Solving the duplicates problem via divide and conquer.

Recall the has_dups problem: given an array, determine if there are any duplicates in the array and return true if there are and false otherwise (in which case all elements are distinct).

On the next page is a divide-and-conquer approach to the problem.

The idea is simple:

Recursively determine if the left half has any duplicates

Recursively determine if the right half has any duplicates

If neither half has duplicates, there may still be a duplicate -- one copy on the left and one on the right.

determine if this is the case by looping through the candidate pairs (one from left; one from right).

Your Job:

(A) Write a recurrence relation for the runtime of this algorithm. Explain each component of the recurrence relation.

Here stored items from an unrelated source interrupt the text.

(* For every $n\ge 4$, $$h_3(n,\{(4,0),(4,1),(4,3)\}) = \begin{cases} \dfrac{n}{2} & \text{if } n\equiv 0 \pmod 6,\\[2mm] \left\lceil \dfrac{n+1}{2}\right\rceil & \text{if } n\not\equiv 0 \pmod 6.\end{cases}$$
   Context: For an $r$-uniform hypergraph ($r$-graph) $H$, a homogeneous set is a set of vertices that is either a clique (every $r$-subset is an edge) or a coclique (no $r$-subset is an edge); $h(H)$ denotes the size of a largest homogeneous set. An $(m,f)$-graph is an $r$-graph with $m$ vertices and $f$ edges; $H$ is $(m,f)$-free if it contains no induced sub-hypergraph that is an $(m,f)$-graph. For a set $Q$ of pairs $(m,f)$, $H$ is $Q$-free if it is $(m,f)$-free for every $(m,f)\in Q$. $h_r(n,Q)$ is the minimum of $h(H)$ over all $n$-vertex $Q$-free $r$-graphs $H$. *)

theory Defs
  imports Complex_Main
begin

definition uniform_hypergraph :: "nat \<Rightarrow> 'a set \<Rightarrow> 'a set set \<Rightarrow> bool" where
  "uniform_hypergraph r V E \<longleftrightarrow> finite V \<and> (\<forall>S\<in>E. S \<subseteq> V \<and> card S = r)"

definition homogeneous :: "nat \<Rightarrow> 'a set \<Rightarrow> 'a set set \<Rightarrow> 'a set \<Rightarrow> bool" where
  "homogeneous r V E X \<longleftrightarrow> X \<subseteq> V \<and>
     ((\<forall>S. S \<subseteq> X \<and> card S = r \<longrightarrow> S \<in> E) \<or> (\<forall>S. S \<subseteq> X \<and> card S = r \<longrightarrow> S \<notin> E))"

definition hom_number :: "nat \<Rightarrow> 'a set \<Rightarrow> 'a set set \<Rightarrow> nat" where
  "hom_number r V E = Max {card X | X. homogeneous r V E X}"

definition mf_free :: "'a set \<Rightarrow> 'a set set \<Rightarrow> nat \<Rightarrow> nat \<Rightarrow> bool" where
  "mf_free V E m f \<longleftrightarrow> \<not> (\<exists>M. M \<subseteq> V \<and> card M = m \<and> card {S\<in>E. S \<subseteq> M} = f)"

(B) Use the recursion tree method (as we did with MergeSort) to derive a tight (big-Theta) bound on the worst-case runtime of the algorithm.

(C) Discuss: how does this approach compare with the simple approach you know from Homework 1?

// subarray a[lo...hi]. N

bool _has_dups(int a[], int lo, int hi) {

int i, j, m;

bool ldups, rdups;

if(hi <= lo) return false; // zero or one element: no dups!

m = (lo + hi)/2;

ldups = _has_dups(a, lo, m);

rdups = _has_dups(a, m+1, hi);

if(ldups || rdups)

return true;

// could still be dups: one on left & one on right

for(i=lo; i<=m; i++) {

for(j=m+1; j<=hi; j++) {

if(a[i]==a[j]) return true;

}

}

return false;

}

bool has_dups(int a[], int n){

return _has_dups(a, 0, n-1);

}